Reproduce the entries shown below only from the line with "g \<Longrightarrow> g" down to the line with "scale_mix_prior_def set_lebesgue_integral_def real_scaleR_def", keeping both end lines and copying each one exactly.

[WORKING DATA — start]

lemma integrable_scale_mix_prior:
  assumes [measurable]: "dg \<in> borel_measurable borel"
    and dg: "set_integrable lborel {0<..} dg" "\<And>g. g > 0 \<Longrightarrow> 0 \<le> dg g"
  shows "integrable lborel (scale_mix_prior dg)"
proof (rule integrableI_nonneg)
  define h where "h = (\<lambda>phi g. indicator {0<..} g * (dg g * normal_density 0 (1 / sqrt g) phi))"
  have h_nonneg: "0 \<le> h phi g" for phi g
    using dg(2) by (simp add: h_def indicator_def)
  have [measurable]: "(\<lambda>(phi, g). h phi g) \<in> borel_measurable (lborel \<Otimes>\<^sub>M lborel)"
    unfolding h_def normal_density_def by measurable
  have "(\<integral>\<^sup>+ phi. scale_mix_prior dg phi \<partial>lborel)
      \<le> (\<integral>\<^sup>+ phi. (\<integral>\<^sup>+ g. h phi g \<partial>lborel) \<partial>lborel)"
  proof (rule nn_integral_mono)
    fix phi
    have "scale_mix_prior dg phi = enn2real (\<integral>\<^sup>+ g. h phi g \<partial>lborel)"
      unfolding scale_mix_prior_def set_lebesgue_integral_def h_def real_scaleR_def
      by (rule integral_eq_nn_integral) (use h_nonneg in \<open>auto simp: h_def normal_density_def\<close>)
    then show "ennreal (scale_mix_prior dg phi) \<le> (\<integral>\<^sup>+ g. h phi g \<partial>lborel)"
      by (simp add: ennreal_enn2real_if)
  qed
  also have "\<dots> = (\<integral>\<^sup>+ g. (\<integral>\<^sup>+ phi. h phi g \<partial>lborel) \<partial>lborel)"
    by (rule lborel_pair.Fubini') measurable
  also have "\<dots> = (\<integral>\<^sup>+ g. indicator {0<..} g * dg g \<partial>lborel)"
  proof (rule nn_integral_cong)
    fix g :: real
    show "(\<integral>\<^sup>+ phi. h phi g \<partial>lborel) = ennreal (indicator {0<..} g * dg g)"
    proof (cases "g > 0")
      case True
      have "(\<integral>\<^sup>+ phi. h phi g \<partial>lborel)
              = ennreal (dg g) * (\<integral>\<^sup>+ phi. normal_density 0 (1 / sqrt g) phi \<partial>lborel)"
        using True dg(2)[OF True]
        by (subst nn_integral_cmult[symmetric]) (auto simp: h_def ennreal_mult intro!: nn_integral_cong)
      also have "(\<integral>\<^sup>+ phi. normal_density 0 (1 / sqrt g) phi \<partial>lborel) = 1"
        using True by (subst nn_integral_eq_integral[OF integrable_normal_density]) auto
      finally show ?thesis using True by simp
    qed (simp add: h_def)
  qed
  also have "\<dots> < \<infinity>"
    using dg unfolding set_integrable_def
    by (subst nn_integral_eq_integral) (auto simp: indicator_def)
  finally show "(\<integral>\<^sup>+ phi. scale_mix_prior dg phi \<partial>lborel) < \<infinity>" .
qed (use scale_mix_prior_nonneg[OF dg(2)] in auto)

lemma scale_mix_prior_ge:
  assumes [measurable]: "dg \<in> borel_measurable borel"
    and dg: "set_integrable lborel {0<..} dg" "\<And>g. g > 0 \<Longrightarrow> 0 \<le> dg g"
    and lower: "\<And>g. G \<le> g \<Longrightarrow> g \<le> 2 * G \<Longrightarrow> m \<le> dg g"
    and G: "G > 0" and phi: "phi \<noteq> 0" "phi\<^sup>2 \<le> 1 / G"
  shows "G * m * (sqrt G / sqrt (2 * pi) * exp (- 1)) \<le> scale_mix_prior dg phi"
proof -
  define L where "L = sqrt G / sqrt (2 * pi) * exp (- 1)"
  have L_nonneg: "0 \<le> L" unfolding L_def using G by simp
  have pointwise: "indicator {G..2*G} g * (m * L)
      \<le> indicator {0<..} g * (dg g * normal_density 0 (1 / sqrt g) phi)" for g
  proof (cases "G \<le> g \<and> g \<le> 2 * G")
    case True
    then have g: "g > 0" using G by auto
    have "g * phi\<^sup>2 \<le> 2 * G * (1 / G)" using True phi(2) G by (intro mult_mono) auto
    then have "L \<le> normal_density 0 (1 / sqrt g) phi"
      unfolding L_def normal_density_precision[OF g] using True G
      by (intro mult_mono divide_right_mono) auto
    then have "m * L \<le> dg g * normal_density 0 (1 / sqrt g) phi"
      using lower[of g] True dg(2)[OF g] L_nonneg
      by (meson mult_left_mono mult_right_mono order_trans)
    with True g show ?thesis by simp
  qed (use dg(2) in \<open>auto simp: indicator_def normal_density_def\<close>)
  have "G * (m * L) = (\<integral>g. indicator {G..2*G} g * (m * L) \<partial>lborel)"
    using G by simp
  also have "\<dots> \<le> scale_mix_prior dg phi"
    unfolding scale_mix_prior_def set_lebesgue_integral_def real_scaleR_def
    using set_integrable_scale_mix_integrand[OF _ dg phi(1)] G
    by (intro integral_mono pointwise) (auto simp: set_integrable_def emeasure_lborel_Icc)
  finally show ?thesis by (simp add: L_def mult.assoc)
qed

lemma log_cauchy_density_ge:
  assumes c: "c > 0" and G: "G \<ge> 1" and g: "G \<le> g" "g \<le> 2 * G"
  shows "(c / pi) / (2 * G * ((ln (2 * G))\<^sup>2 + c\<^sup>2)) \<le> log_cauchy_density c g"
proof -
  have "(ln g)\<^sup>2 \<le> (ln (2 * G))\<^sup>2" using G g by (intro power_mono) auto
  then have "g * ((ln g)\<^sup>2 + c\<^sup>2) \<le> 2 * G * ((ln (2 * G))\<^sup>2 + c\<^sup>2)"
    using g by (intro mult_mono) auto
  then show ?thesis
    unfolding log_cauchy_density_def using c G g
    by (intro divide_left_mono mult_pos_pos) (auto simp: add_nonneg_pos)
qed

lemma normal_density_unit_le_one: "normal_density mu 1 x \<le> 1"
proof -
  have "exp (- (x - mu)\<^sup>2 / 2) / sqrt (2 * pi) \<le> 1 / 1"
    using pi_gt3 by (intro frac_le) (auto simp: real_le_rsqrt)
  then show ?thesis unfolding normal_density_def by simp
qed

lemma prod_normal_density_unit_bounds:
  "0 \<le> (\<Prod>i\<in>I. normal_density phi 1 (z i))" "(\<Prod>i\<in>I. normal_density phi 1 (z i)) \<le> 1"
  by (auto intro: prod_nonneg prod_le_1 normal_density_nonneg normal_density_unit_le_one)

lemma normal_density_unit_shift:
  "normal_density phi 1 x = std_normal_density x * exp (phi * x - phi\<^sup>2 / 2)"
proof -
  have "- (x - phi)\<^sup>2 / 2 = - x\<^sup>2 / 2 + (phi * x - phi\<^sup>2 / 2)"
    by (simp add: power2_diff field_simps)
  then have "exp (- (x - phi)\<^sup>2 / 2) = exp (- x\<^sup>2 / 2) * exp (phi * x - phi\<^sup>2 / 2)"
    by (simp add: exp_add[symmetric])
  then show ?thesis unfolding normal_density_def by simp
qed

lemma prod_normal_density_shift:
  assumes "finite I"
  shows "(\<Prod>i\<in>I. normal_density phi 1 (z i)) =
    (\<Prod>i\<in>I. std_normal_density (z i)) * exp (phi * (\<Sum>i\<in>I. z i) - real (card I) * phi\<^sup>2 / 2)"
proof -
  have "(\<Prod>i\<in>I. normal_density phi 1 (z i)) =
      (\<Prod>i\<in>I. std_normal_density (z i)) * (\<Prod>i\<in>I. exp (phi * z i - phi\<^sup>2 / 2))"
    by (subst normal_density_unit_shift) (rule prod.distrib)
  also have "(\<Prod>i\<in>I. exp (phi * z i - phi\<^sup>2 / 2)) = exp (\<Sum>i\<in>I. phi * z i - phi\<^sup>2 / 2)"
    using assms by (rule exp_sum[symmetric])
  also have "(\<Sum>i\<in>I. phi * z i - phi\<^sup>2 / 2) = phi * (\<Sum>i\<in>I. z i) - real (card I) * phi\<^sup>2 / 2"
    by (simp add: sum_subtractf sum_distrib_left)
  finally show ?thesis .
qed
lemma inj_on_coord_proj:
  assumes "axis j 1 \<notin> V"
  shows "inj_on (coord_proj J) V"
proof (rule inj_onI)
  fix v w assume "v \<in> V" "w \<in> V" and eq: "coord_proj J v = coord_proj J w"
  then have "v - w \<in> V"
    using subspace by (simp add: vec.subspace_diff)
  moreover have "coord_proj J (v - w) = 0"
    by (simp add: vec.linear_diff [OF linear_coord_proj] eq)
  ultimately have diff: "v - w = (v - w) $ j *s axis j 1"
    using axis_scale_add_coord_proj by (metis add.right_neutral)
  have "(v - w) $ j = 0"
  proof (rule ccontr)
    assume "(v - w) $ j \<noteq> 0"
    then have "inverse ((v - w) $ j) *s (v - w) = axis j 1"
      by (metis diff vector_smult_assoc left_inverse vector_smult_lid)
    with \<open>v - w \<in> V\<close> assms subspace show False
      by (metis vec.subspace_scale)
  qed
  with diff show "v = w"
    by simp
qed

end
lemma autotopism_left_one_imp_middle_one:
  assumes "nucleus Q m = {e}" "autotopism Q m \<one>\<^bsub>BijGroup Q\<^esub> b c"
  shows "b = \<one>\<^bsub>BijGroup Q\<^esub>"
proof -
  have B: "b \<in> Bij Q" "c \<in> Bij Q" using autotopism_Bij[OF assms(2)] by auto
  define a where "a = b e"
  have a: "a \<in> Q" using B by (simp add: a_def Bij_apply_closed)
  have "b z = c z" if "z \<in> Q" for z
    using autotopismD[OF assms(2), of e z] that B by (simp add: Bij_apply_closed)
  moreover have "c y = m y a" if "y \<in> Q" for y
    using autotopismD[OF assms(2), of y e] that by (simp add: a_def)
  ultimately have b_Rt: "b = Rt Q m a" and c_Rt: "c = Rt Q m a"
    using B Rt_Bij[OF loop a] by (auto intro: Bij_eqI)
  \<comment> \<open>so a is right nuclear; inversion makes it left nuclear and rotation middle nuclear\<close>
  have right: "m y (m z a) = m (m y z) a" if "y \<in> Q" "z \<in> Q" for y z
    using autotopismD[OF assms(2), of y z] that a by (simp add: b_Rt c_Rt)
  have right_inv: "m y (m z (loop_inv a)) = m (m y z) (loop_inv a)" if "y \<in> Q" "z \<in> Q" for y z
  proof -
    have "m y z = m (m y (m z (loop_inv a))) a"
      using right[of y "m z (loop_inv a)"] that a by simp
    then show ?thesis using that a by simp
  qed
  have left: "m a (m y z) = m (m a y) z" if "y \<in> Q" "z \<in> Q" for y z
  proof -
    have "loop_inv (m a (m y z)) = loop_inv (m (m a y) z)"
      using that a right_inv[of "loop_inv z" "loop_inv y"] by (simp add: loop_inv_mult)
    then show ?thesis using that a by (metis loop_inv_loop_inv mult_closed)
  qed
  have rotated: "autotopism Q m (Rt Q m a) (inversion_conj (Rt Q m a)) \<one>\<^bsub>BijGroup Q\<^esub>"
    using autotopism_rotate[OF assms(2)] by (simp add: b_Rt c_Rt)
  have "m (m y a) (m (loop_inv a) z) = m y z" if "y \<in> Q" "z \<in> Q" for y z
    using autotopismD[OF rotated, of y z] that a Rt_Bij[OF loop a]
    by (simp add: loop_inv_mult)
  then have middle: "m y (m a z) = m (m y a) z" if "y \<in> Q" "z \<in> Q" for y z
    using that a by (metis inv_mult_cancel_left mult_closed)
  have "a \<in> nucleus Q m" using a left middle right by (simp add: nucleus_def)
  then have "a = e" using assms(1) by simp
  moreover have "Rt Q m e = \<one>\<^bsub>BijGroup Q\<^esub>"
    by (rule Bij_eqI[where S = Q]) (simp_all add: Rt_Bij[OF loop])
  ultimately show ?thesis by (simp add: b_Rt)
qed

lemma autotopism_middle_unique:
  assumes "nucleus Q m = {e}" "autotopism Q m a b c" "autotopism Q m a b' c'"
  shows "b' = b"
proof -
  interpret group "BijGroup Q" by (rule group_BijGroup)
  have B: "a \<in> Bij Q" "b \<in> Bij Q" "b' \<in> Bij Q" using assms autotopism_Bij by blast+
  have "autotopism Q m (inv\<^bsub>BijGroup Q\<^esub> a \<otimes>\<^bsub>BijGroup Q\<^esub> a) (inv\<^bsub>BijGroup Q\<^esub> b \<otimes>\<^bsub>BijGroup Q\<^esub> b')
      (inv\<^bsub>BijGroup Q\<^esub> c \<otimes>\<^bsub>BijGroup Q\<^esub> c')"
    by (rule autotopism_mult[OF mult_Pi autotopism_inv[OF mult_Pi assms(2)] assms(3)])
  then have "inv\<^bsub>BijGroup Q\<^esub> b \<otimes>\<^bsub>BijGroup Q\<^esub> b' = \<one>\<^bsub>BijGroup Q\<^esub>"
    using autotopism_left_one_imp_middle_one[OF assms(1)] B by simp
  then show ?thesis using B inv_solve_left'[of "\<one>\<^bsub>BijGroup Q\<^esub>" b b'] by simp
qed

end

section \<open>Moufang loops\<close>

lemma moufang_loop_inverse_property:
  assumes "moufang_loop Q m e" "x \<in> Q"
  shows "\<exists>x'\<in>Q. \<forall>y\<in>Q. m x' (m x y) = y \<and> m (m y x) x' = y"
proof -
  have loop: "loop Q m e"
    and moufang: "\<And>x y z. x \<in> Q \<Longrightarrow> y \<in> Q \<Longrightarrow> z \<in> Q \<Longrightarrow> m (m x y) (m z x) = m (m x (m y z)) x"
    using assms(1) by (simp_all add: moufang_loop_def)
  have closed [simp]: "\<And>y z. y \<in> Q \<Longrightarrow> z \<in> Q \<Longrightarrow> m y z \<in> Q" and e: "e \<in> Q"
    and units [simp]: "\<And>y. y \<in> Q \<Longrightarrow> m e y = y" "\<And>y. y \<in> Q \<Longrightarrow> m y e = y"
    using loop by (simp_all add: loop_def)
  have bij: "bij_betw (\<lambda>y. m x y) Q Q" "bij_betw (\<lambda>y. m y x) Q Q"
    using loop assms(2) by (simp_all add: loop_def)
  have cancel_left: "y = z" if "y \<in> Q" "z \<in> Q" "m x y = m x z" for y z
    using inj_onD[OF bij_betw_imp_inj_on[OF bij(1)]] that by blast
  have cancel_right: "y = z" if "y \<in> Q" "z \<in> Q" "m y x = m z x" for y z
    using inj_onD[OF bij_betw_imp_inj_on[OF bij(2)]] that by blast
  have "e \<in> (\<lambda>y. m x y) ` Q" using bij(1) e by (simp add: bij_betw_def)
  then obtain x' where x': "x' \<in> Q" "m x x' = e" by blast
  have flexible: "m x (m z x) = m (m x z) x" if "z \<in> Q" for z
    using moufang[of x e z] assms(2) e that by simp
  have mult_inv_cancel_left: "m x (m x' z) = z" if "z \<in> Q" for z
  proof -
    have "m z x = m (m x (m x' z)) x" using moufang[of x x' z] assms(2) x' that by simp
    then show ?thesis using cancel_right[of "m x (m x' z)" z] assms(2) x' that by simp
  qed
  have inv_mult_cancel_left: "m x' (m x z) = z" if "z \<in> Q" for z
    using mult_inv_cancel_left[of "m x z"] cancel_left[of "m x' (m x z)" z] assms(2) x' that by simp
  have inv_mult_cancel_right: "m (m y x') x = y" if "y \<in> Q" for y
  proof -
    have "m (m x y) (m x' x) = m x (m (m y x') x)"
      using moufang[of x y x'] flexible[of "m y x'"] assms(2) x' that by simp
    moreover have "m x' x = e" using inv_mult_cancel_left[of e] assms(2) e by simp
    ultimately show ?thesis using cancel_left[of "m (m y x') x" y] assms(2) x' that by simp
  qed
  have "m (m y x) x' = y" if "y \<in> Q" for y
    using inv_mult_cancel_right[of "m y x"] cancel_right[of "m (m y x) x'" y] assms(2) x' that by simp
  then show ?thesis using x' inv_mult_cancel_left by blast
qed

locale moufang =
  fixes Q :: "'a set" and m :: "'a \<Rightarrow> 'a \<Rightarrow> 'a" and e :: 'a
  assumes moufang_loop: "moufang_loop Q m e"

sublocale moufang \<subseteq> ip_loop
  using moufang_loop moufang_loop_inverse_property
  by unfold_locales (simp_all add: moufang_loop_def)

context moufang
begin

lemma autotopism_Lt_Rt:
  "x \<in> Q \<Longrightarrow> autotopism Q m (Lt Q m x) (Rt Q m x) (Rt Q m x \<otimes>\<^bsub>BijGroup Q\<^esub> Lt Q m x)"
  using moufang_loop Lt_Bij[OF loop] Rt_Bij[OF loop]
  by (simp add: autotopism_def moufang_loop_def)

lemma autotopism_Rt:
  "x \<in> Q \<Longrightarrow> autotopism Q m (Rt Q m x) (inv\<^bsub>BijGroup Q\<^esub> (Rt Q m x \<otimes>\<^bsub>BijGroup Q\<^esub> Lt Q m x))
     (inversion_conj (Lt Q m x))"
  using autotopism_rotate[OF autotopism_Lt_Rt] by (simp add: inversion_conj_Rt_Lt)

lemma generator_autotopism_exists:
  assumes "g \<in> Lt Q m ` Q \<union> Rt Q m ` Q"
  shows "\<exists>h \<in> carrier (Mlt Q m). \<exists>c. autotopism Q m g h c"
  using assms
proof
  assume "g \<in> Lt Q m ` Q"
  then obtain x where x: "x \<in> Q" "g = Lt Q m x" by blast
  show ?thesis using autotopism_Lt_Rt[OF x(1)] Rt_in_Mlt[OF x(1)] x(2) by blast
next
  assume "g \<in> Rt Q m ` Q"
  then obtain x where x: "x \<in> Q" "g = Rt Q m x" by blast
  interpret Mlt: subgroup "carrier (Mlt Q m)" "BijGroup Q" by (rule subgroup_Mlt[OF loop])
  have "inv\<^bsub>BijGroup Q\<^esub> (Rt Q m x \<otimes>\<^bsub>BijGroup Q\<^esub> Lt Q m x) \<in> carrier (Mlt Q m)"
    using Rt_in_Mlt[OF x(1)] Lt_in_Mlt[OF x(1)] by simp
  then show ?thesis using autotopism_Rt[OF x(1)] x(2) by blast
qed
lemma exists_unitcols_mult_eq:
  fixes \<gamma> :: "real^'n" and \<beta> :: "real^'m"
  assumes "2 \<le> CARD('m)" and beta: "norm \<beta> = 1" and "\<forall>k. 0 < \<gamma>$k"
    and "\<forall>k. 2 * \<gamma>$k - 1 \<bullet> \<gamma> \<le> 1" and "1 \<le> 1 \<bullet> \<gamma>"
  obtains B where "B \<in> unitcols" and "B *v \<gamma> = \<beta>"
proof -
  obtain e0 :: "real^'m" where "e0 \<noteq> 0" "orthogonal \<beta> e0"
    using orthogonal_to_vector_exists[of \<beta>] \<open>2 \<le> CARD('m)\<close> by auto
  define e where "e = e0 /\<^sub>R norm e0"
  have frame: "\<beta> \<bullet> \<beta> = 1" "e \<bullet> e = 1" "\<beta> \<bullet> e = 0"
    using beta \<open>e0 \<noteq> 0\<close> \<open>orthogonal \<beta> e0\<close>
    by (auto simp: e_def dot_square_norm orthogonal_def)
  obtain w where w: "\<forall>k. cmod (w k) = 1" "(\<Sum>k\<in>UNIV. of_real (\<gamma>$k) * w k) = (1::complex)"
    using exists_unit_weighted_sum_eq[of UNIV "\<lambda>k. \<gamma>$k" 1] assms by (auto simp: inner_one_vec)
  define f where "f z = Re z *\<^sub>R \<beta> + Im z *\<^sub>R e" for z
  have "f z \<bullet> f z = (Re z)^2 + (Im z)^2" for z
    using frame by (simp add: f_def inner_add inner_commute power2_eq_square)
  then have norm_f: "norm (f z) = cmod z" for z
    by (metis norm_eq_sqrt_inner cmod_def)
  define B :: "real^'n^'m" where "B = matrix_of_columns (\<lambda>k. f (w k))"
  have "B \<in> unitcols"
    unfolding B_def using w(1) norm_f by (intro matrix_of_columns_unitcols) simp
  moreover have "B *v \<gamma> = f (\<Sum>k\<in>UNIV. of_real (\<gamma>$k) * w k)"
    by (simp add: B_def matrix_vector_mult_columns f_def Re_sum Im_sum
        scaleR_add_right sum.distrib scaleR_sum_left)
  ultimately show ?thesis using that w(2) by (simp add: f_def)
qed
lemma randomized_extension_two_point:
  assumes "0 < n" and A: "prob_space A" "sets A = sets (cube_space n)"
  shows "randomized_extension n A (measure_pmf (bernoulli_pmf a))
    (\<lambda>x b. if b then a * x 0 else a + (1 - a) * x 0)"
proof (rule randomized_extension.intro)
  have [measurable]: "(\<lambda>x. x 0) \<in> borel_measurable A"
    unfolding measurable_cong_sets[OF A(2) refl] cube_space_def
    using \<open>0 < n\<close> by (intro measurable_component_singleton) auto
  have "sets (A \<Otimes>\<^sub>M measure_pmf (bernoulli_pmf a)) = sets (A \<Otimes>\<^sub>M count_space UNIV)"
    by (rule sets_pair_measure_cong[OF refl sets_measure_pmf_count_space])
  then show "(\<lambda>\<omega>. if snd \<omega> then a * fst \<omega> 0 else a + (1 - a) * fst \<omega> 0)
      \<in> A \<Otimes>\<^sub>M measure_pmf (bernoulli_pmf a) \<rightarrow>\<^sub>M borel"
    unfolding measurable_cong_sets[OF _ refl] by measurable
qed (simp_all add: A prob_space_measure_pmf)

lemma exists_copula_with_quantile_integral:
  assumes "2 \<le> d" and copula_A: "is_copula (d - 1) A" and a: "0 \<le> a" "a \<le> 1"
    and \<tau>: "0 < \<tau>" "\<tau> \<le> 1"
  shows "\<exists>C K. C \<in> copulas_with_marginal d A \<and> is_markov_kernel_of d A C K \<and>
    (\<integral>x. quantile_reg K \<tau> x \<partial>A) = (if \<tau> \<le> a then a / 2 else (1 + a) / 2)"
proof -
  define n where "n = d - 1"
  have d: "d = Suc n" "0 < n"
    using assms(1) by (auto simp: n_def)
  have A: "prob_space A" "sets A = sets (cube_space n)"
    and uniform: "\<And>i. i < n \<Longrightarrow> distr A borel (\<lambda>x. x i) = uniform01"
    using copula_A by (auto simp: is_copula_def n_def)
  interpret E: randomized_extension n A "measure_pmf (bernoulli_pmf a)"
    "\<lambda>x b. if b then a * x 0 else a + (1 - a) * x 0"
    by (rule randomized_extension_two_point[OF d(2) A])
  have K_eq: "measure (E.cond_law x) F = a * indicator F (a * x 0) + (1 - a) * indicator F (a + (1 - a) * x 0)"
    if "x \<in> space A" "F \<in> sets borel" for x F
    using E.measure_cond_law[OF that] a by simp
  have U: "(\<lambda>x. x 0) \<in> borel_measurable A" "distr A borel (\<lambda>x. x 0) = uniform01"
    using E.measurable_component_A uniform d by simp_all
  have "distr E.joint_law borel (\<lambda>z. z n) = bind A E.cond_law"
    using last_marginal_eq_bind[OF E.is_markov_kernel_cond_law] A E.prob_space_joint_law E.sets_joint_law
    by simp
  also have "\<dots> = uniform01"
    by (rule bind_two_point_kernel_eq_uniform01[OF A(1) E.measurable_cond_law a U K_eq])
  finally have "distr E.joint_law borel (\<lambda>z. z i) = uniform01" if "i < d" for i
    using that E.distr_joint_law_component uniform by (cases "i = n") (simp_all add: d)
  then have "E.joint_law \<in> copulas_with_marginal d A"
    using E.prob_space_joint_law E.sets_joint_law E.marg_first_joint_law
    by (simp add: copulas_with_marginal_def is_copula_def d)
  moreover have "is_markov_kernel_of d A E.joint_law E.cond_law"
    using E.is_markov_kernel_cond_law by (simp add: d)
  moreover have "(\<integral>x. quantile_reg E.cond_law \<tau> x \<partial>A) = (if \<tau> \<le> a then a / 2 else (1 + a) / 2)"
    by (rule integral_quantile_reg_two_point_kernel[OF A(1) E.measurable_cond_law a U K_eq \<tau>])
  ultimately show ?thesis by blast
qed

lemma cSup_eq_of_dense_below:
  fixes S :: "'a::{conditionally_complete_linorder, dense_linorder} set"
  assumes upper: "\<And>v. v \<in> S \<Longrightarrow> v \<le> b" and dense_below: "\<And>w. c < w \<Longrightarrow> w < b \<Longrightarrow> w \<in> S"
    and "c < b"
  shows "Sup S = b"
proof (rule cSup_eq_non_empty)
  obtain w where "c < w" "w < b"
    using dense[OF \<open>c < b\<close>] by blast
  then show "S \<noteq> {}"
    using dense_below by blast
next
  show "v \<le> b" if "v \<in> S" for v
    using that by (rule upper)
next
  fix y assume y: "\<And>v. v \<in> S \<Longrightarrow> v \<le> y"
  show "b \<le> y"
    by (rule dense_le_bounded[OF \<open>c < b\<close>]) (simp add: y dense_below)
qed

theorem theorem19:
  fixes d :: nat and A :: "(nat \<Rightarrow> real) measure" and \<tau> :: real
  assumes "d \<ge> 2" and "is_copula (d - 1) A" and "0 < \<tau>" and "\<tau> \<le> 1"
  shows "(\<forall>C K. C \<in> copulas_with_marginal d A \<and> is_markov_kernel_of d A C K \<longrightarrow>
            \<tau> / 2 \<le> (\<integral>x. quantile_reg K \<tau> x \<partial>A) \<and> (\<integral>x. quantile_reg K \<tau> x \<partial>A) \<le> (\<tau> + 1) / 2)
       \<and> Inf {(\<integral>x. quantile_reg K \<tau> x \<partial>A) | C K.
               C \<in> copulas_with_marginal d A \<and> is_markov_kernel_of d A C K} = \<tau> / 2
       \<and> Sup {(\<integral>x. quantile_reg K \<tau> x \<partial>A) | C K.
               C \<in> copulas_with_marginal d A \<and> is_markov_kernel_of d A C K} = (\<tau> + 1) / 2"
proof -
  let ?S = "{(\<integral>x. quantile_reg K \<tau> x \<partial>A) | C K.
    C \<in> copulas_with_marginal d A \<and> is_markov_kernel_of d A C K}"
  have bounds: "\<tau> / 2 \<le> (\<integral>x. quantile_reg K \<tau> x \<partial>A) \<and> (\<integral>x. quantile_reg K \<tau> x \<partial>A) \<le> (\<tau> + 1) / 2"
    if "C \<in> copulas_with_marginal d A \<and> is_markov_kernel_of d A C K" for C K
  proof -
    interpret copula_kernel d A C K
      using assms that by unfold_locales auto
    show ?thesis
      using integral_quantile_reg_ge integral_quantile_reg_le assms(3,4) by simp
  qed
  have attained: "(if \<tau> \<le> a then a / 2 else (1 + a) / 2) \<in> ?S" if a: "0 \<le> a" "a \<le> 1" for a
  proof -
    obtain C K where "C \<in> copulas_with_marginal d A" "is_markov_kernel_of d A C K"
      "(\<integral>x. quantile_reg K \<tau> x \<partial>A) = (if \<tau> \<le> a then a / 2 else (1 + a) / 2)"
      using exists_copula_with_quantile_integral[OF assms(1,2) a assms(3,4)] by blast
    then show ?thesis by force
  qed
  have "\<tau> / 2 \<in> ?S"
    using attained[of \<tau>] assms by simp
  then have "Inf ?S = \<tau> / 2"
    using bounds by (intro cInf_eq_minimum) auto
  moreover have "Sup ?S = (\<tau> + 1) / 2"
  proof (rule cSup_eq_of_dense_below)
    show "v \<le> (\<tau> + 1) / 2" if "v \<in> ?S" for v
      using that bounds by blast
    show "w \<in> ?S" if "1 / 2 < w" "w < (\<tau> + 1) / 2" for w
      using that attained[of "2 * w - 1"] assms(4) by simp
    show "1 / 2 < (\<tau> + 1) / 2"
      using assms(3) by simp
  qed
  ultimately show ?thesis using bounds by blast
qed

[WORKING DATA — finish]

RESPONSE AREA
    and lower: "\<And>g. G \<le> g \<Longrightarrow> g \<le> 2 * G \<Longrightarrow> m \<le> dg g"
    and G: "G > 0" and phi: "phi \<noteq> 0" "phi\<^sup>2 \<le> 1 / G"
  shows "G * m * (sqrt G / sqrt (2 * pi) * exp (- 1)) \<le> scale_mix_prior dg phi"
proof -
  define L where "L = sqrt G / sqrt (2 * pi) * exp (- 1)"
  have L_nonneg: "0 \<le> L" unfolding L_def using G by simp
  have pointwise: "indicator {G..2*G} g * (m * L)
      \<le> indicator {0<..} g * (dg g * normal_density 0 (1 / sqrt g) phi)" for g
  proof (cases "G \<le> g \<and> g \<le> 2 * G")
    case True
    then have g: "g > 0" using G by auto
    have "g * phi\<^sup>2 \<le> 2 * G * (1 / G)" using True phi(2) G by (intro mult_mono) auto
    then have "L \<le> normal_density 0 (1 / sqrt g) phi"
      unfolding L_def normal_density_precision[OF g] using True G
      by (intro mult_mono divide_right_mono) auto
    then have "m * L \<le> dg g * normal_density 0 (1 / sqrt g) phi"
      using lower[of g] True dg(2)[OF g] L_nonneg
      by (meson mult_left_mono mult_right_mono order_trans)
    with True g show ?thesis by simp
  qed (use dg(2) in \<open>auto simp: indicator_def normal_density_def\<close>)
  have "G * (m * L) = (\<integral>g. indicator {G..2*G} g * (m * L) \<partial>lborel)"
    using G by simp
  also have "\<dots> \<le> scale_mix_prior dg phi"
    unfolding scale_mix_prior_def set_lebesgue_integral_def real_scaleR_def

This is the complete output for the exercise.